Moreover, he argues, the government
must take the lead in restoring “an ethnic hierarchy” in the country. Here, Stepanov says, the Soviets had some
good ideas. Soviet ideology came up with
the idea of the population of the country as “a family of peoples where the
Russian people fulfilled the role of the elder brother.”
“Something similar, perhaps, should
be set up even now.”
Russians sometimes have to use force
to preserve the territorial integrity of the country, Stepanov says, but that
must not be the main aspect of Moscow’s policies.
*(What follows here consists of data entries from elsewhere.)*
(* Let $0<p\leq 1$, let $A\in\mathbb{R}^{m\times N}$ with $N=nd$, and let $x\in\mathbb{R}^N$ be block $k$-sparse with block support $T_0$, and $y=Ax$. Let $\tilde T\subset\{1,\dots,n\}$ be an arbitrary set, and define $\rho,\alpha\geq 0$ by $|\tilde T|=\rho k$ and $|\tilde T\cap T_0|=\alpha\rho k$. Let $0\leq\omega\leq 1$ and set $\gamma=\omega+(1-\omega)(1+\rho-2\alpha\rho)^{1-p/2}$. Suppose there exists an integer $a$ with $a\geq(1-\alpha)\rho$ and $a>1$ such that $$\delta_{ak}+\frac{a^{1-p/2}}{\gamma}\delta_{(a+1)k}<\frac{a^{1-p/2}}{\gamma}-1 .$$ Then $x$ is the unique solution of $$\min_{z\in\mathbb{R}^N}\sum_{i=1}^n w_i\lVert z[i]\rVert_2^p\quad\text{subject to}\quad Az=y,\qquad w_i=\begin{cases}\omega,& i\in\tilde T\\ 1,& i\in\tilde T^c.\end{cases}$$
   Context: Vectors $x\in\mathbb{R}^N$, $N=nd$, are split into $n$ consecutive blocks of length $d$: $x[i]=(x_{(i-1)d+1},\dots,x_{id})^T$, $i=1,\dots,n$. A vector is block $k$-sparse if at most $k$ blocks $x[i]$ are nonzero; its block support is the set of indices $i$ with $x[i]\neq 0$. For $v\in\mathbb{R}^m$, $\lVert v\rVert_p^p=\sum_{i=1}^m|v_i|^p$. The block $p$-restricted isometry constant $\delta_k$ of $A$ (of order $k$) is the smallest positive number such that $(1-\delta_k)\lVert z\rVert_2^p\leq\lVert Az\rVert_p^p\leq(1+\delta_k)\lVert z\rVert_2^p$ for all block $k$-sparse $z\in\mathbb{R}^N$. *)

theory Defs
  imports Complex_Main
begin

text \<open>Conventions: a vector in R^N (N = n*d) is a function nat => real that vanishes
  outside {0..<N}; indices are 0-based, so block i (i < n) consists of the entries
  i*d, ..., i*d + d - 1. An m x N matrix is a function nat => nat => real
  (row, column), only entries with row < m and column < N matter.\<close>

definition vec_in :: "nat \<Rightarrow> (nat \<Rightarrow> real) \<Rightarrow> bool" where
  "vec_in N z \<longleftrightarrow> (\<forall>l\<ge>N. z l = 0)"

definition mat_vec :: "nat \<Rightarrow> nat \<Rightarrow> (nat \<Rightarrow> nat \<Rightarrow> real) \<Rightarrow> (nat \<Rightarrow> real) \<Rightarrow> (nat \<Rightarrow> real)" where
  "mat_vec m N A z = (\<lambda>j. if j < m then (\<Sum>l<N. A j l * z l) else 0)"

definition block :: "nat \<Rightarrow> (nat \<Rightarrow> real) \<Rightarrow> nat \<Rightarrow> (nat \<Rightarrow> real)" where
  "block d z i = (\<lambda>l. if l < d then z (i * d + l) else 0)"

definition block_norm2 :: "nat \<Rightarrow> (nat \<Rightarrow> real) \<Rightarrow> nat \<Rightarrow> real" where
  "block_norm2 d z i = sqrt (\<Sum>l<d. (z (i * d + l))\<^sup>2)"

definition block_support :: "nat \<Rightarrow> nat \<Rightarrow> (nat \<Rightarrow> real) \<Rightarrow> nat set" where
  "block_support n d z = {i. i < n \<and> block d z i \<noteq> (\<lambda>_. 0)}"

definition block_sparse :: "nat \<Rightarrow> nat \<Rightarrow> nat \<Rightarrow> (nat \<Rightarrow> real) \<Rightarrow> bool" where
  "block_sparse n d k z \<longleftrightarrow> card (block_support n d z) \<le> k"

definition norm2 :: "nat \<Rightarrow> (nat \<Rightarrow> real) \<Rightarrow> real" where
  "norm2 N z = sqrt (\<Sum>l<N. (z l)\<^sup>2)"

definition pnorm_pow :: "nat \<Rightarrow> real \<Rightarrow> (nat \<Rightarrow> real) \<Rightarrow> real" where
  "pnorm_pow m p v = (\<Sum>j<m. \<bar>v j\<bar> powr p)"

definition block_p_ric :: "nat \<Rightarrow> nat \<Rightarrow> nat \<Rightarrow> real \<Rightarrow> (nat \<Rightarrow> nat \<Rightarrow> real) \<Rightarrow> nat \<Rightarrow> real" where
  "block_p_ric m n d p A k = Inf {\<delta>. \<delta> > 0 \<and>
     (\<forall>z. vec_in (n * d) z \<and> block_sparse n d k z \<longrightarrow>
        (1 - \<delta>) * norm2 (n * d) z powr p \<le> pnorm_pow m p (mat_vec m (n * d) A z) \<and>
        pnorm_pow m p (mat_vec m (n * d) A z) \<le> (1 + \<delta>) * norm2 (n * d) z powr p)}"

definition weighted_obj :: "nat \<Rightarrow> nat \<Rightarrow> real \<Rightarrow> real \<Rightarrow> nat set \<Rightarrow> (nat \<Rightarrow> real) \<Rightarrow> real" where
  "weighted_obj n d p \<omega> Tt z = (\<Sum>i<n. (if i \<in> Tt then \<omega> else 1) * block_norm2 d z i powr p)"

end

theory Submission
  imports Defs "HOL-Analysis.L2_Norm" "HOL-Analysis.Convex"
begin

(* Let h = z - x, a nonzero vector of the null space of A, with z at least as good as x
   for the weighted objective. Comparing the objectives block by block (using the
   triangle inequality for p-th powers) yields a cone constraint: the mass
   tail = sum of ||h[i]||^p over the blocks i off T0 is at most omega times the mass on
   T0 plus (1 - omega) times the mass on the symmetric difference of T0 and Tt.

   Sort the blocks off T0 by decreasing norm and cut them into chunks of ak blocks.
   Since Ah = 0, the RIP of order (a+1)k on T0 together with the first chunk, the RIP of
   order ak on the later chunks, and the fact that the l2 norm of a chunk is controlled
   by the l_p mass of the preceding one, give
     (1 - delta_{(a+1)k}) Y <= (1 + delta_{ak}) (ak)^{p/2-1} tail,
   where Y is the p-th power of the l2 norm of h on T0 and the first chunk. On the other
   hand the cone constraint and the power mean inequality give tail <= gamma k^{1-p/2} Y.
   The hypothesis on the RIP constants makes these two bounds incompatible unless Y = 0,
   and then tail = 0 and h = 0. *)

lemma powr_add_le_add_powr:
  fixes a b p :: real
  assumes "0 \<le> a" "0 \<le> b" "0 < p" "p \<le> 1"
  shows "(a + b) powr p \<le> a powr p + b powr p"
proof (cases "a + b = 0")
  case True
  then show ?thesis using assms by simp
next
  case False
  define s where "s = a + b"
  have s: "s > 0" using False assms s_def by auto
  have "u / s \<le> (u / s) powr p" if "0 \<le> u" "u \<le> s" for u
    using powr_mono'[of p 1 "u / s"] that assms s by (simp add: divide_le_eq_1)
  then have "a / s + b / s \<le> (a / s) powr p + (b / s) powr p"
    using assms s_def by (intro add_mono) auto
  have "s powr p = s powr p * (a / s + b / s)"
    using s by (simp add: s_def add_divide_distrib[symmetric])
  also have "\<dots> \<le> s powr p * ((a / s) powr p + (b / s) powr p)"
    using \<open>a / s + b / s \<le> _\<close> by (intro mult_left_mono) auto
  also have "\<dots> = a powr p + b powr p"
    using s assms by (simp add: powr_divide distrib_left)
  finally show ?thesis by (simp add: s_def)
qed

lemma abs_sum_powr_le_sum_abs_powr:
  fixes g :: "'a \<Rightarrow> real"
  assumes "finite C" "0 < p" "p \<le> 1"
  shows "\<bar>\<Sum>c\<in>C. g c\<bar> powr p \<le> (\<Sum>c\<in>C. \<bar>g c\<bar> powr p)"
  using assms(1)
proof (induction C rule: finite_induct)
  case empty
  then show ?case by simp
next
  case (insert x F)
  have "\<bar>\<Sum>c\<in>insert x F. g c\<bar> powr p \<le> (\<bar>g x\<bar> + \<bar>\<Sum>c\<in>F. g c\<bar>) powr p"
    using insert assms by (intro powr_mono2) (auto simp: abs_triangle_ineq)
  also have "\<dots> \<le> \<bar>g x\<bar> powr p + \<bar>\<Sum>c\<in>F. g c\<bar> powr p"
    using assms by (intro powr_add_le_add_powr) auto
  also have "\<dots> \<le> \<bar>g x\<bar> powr p + (\<Sum>c\<in>F. \<bar>g c\<bar> powr p)"
    using insert by simp
  finally show ?case using insert by simp
qed

lemma sqrt_powr: "0 \<le> x \<Longrightarrow> sqrt x powr p = x powr (p / 2)"
  by (simp add: powr_half_sqrt[symmetric] powr_powr)

lemma sum_powr_le_card_powr_sqrt_sum_sq:
  fixes f :: "'a \<Rightarrow> real"
  assumes "finite S" "0 < p" "p \<le> 1" "\<And>i. i \<in> S \<Longrightarrow> 0 \<le> f i"
  shows "(\<Sum>i\<in>S. f i powr p) \<le> real (card S) powr (1 - p / 2) * sqrt (\<Sum>i\<in>S. (f i)\<^sup>2) powr p"
proof -
  define Q where "Q = (\<Sum>i\<in>S. (f i)\<^sup>2)"
  define c where "c = real (card S)"
  define r where "r = p / 2"
  have r: "0 < r" "r \<le> 1" using assms r_def by auto
  show ?thesis
  proof (cases "Q = 0")
    case True
    then have "\<forall>i\<in>S. f i = 0" unfolding Q_def using assms by (simp add: sum_nonneg_eq_0_iff)
    then show ?thesis using assms by simp
  next
    case False
    then have Qp: "Q > 0" unfolding Q_def by (simp add: order_less_le sum_nonneg)
    then have cp: "c > 0" unfolding Q_def c_def using assms(1) by (auto simp: card_gt_0_iff)
    define M where "M = Q / c"
    have Mp: "M > 0" using Qp cp M_def by simp
    \<comment> \<open>tangent line of the concave map \<open>t \<mapsto> t powr r\<close> at the mean square \<open>M\<close>\<close>
    have each: "f i powr p \<le> M powr r * (1 - r + r * ((f i)\<^sup>2 / M))" if "i \<in> S" for i
    proof -
      have "f i powr p = ((f i)\<^sup>2) powr r"
        using assms(4)[OF that] by (simp add: r_def powr_powr flip: powr_numeral)
      also have "\<dots> = M powr r * ((f i)\<^sup>2 / M) powr r"
        using Mp by (simp add: powr_divide)
      also have "((f i)\<^sup>2 / M) powr r \<le> 1 - r + r * ((f i)\<^sup>2 / M)"
        using Youngs_inequality_0[of r "1 - r" "(f i)\<^sup>2 / M" 1] r Mp
        by (cases "f i = 0") auto
      finally show ?thesis using Mp by (simp add: mult_left_mono)
    qed
    have "(\<Sum>i\<in>S. f i powr p) \<le> (\<Sum>i\<in>S. M powr r * (1 - r) + (M powr r * r / M) * (f i)\<^sup>2)"
      using each by (intro sum_mono) (simp add: algebra_simps)
    also have "\<dots> = c * (M powr r * (1 - r)) + (M powr r * r / M) * Q"
      by (simp add: sum.distrib sum_distrib_left[symmetric] sum_divide_distrib[symmetric] c_def Q_def)
    also have "\<dots> = M powr r * c"
      using cp Qp by (simp add: M_def field_simps)
    also have "\<dots> = c powr (1 - r) * Q powr r"
      using cp Qp by (simp add: M_def powr_divide powr_diff field_simps)
    finally show ?thesis
      by (simp add: c_def Q_def r_def sqrt_powr sum_nonneg)
  qed
qed

definition block_restrict :: "nat \<Rightarrow> nat set \<Rightarrow> (nat \<Rightarrow> real) \<Rightarrow> nat \<Rightarrow> real" where
  "block_restrict d S h = (\<lambda>l. if l div d \<in> S then h l else 0)"

lemma sum_lessThan_mult_blocks:
  fixes f :: "nat \<Rightarrow> 'a :: comm_monoid_add"
  shows "(\<Sum>l<n * d. f l) = (\<Sum>i<n. \<Sum>j<d. f (i * d + j))"
proof -
  have "sum f {i * d..<i * d + d} = (\<Sum>j<d. f (i * d + j))" for i
    using sum.shift_bounds_nat_ivl[of f 0 "i * d" d] by (simp add: add.commute atLeast0LessThan)
  then show ?thesis by (simp add: sum.nat_group[symmetric])
qed

lemma block_norm2_nonneg: "block_norm2 d h i \<ge> 0"
  unfolding block_norm2_def by (simp add: sum_nonneg)

lemma block_norm2_eq_0_iff: "block_norm2 d h i = 0 \<longleftrightarrow> (\<forall>l<d. h (i * d + l) = 0)"
  unfolding block_norm2_def by (auto simp: sum_nonneg sum_nonneg_eq_0_iff)

lemma block_norm2_eq_0_outside_support:
  assumes "i < n" "i \<notin> block_support n d h"
  shows "block_norm2 d h i = 0"
  using assms unfolding block_support_def block_norm2_eq_0_iff block_def by (auto simp: fun_eq_iff) metis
Instead, Russians need to
attract others by their commitment to justice and to promote the notion that
they will serve as “the arbiter” in all inter-ethnic disputes that do arise.
Despite all the problems that
Russians do face, Stepanov continues, it is ridiculous to assert as some
Russian nationalists do that “there are no Russians” and that the nation does
not have the capacity to organize itself.
The fact is, he argues, is that the state has always played the
organizing role for Russians and must do so again.
That will require that the state
provide the Russians with an inspiring idea because, Stepanov says, Russians do
not see a comfortable life as their highest goal the way peoples in the West
are inclined to do but rather want to fulfill a mission even if or perhaps
especially when it requires self-sacrifice.
Russians or at least a “passionate”
core retain these values, and they await signals “from the supreme power,” a
power that needs to recognize fully that the Russian people are with it and
that the real enemy of both is a self-interested bureaucracy which “does not
serve the people but uses its position to gain access to the trough.”
“In any case,” Stepanov insists, “it
is too early to bury the Russian people … More than once the Russian people has
risen from the ashes like the phoenix,” and with the leadership of the ruler,
it can and will do so again, to the surprise of many of today’s Russian
nationalists and of any who wish the Russians ill.